The local Sindhi networks turned out to be particularly useful when the sinetron industry became an exercise in ‘mass production’, with television stations demanding new titles every month. As in other businesses, for managerial positions (executives, line producers, heads of departments) Sindhis relied on the local community. The practice of hiring fellow Sindhis is again a matter of social prestige. As Markovits puts it, ‘what better way to display one’s wealth and enhance one’s prestige in such a mercantile society than to offer jobs to scions of poorer families in the community’ (Markovits 2000:235). In the case of commercial media production, hiring Sindhis turned out to offer a considerable advantage: Sindhis were professional managers, capable of understanding the market, preparing and controlling production budgets, and serving the needs of the clients, that is, local audiences. In comparison, in non-Sindhi PH s the positions of executive and line producers were mostly held by either a director or a scriptwriter, who—due to their training—had little understanding of production as a business, not an artistic practice (in Indonesia, no film or television school offered production management courses).18 Meanwhile, in Sindhi-owned studios, these positions were taken by experienced traders, who saw themselves in an entertainment business serving the tastes of the audience. In sum, both the local and global connections of Indonesian Sindhis have played a significant role in establishing content production as an important sector of the national television industry in Indonesia.

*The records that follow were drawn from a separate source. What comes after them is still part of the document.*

theorem corollary3p4:
  fixes p q m \<nu> n' :: nat
  assumes "prime p" and "m \<ge> 1" and "q = p ^ m"
    and "card (UNIV :: ('a::{field,finite}) set) = q ^ 2"
    and "n' > 0" and "\<not> p dvd n'"
  shows "card {C :: 'a list set. is_cyclic_code (p ^ \<nu> * n') C \<and> is_HCD q (p ^ \<nu> * n') C}
         = 2 ^ (card (Omega q n' :: 'a poly set) + card (Lambda q n' :: 'a poly set set))"
proof -
  have char_prime: "prime CHAR('a)"
    by (rule prime_CHAR_semidom[OF finite_imp_CHAR_pos]) simp
  have "CHAR('a) dvd card (UNIV :: 'a set)"
    using of_nat_card_UNIV[where ?'a = 'a] by (simp only: of_nat_eq_0_iff_char_dvd)
  then have "CHAR('a) dvd p ^ (m * 2)"
    using assms(3,4) by (simp only: power_mult)
  then have char: "CHAR('a) = p"
    using prime_dvd_power[OF char_prime] primes_dvd_imp_eq[OF char_prime assms(1)] by blast
  have frob: "frobenius_involution TYPE('a) q"
  proof
    show "(a + b) ^ q = a ^ q + b ^ q" for a b :: 'a
      using freshmans_dream'[OF char_prime, of q m a b] assms(3) char by simp
    show "(a ^ q) ^ q = a" for a :: 'a
      using power_card_UNIV_eq_self[of a] assms(4) by (simp only: power2_eq_square power_mult)
  qed
  show ?thesis
  proof (rule frobenius_involution.card_hermitian_complementary_dual_cyclic_codes[OF frob])
    show "of_nat n' \<noteq> (0 :: 'a)"
      using assms(6) char by (simp add: of_nat_eq_0_iff_char_dvd)
    show "xn_minus_1 (p ^ \<nu> * n') = (xn_minus_1 n' :: 'a poly) ^ p ^ \<nu>"
      using xn_minus_1_mult_CHAR_power[OF char_prime, of \<nu> n'] by (simp only: char)
    show "n' > 0" "p ^ \<nu> > 0" "p ^ \<nu> * n' > 0"
      using assms(1,5) prime_gt_0_nat by simp_all
  qed
qed

end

4 The sinetron Industry from the Mid 1990s to Early 2010s: Sindhi Brotherhood and the Sentiment of Independence

If access to global resources was a key factor in the establishment of sinetron production as a profitable sector of the commercial television industry, from the late 1990s to the early 2010s Sindhis’ desires and sentiments, shaped by decades of transnational trading activities, had a significant impact on the further development of the industry and its end product, the sinetron itself. First, ‘corporacy’ (Falzon 2004) among Sindhis, and the desire to protect ‘their’ business niche from outsiders, meaning non-Sindhis, had significantly limited the number of players in the market. This lack of competition resulted in uniformity of the end product. At the same time, the desire of Sindhis to be self-employed, ‘be your own boss’, kept sinetron production as a separate sector, which meant a relative independence from the state (state legislation regulated broadcasting, but not production). This relative autonomy allowed Sindhi producers to come up with an innovative product, the sinetron Ramadhan, which evolved into a whole new genre of Indonesian television, that is, sinetron Islam (Islamic soap opera), making Islam-themed programmes a significant part of Indonesian popular culture.

4.1 Sense of ‘Corporacy’

Sindhis’ sense of ‘corporacy’, a term introduced by Falzon (2004) to grasp the notion of ‘collective intentionality’ that links ‘individual economic choice with social patterns’ (Falzon 2004:205), had a major impact on the way the commercial television industry developed in Indonesia over the years. Although corporacy does not define particular business practices, it can be called a kind of Sindhi business ethics. As Falzon (2004:8) put it, ‘Sindhi sociality and business may be very variable phenomena, according to the conditions […] in the various locations of settlement, yet certain processes are at work that make group corporacy a factor to be reckoned with’. In the Indonesian television context, Sindhi corporacy resulted in a highly conservative industry, with new, non-Sindhi players finding it incredibly difficult to establish themselves in the Sindhi-dominated environment.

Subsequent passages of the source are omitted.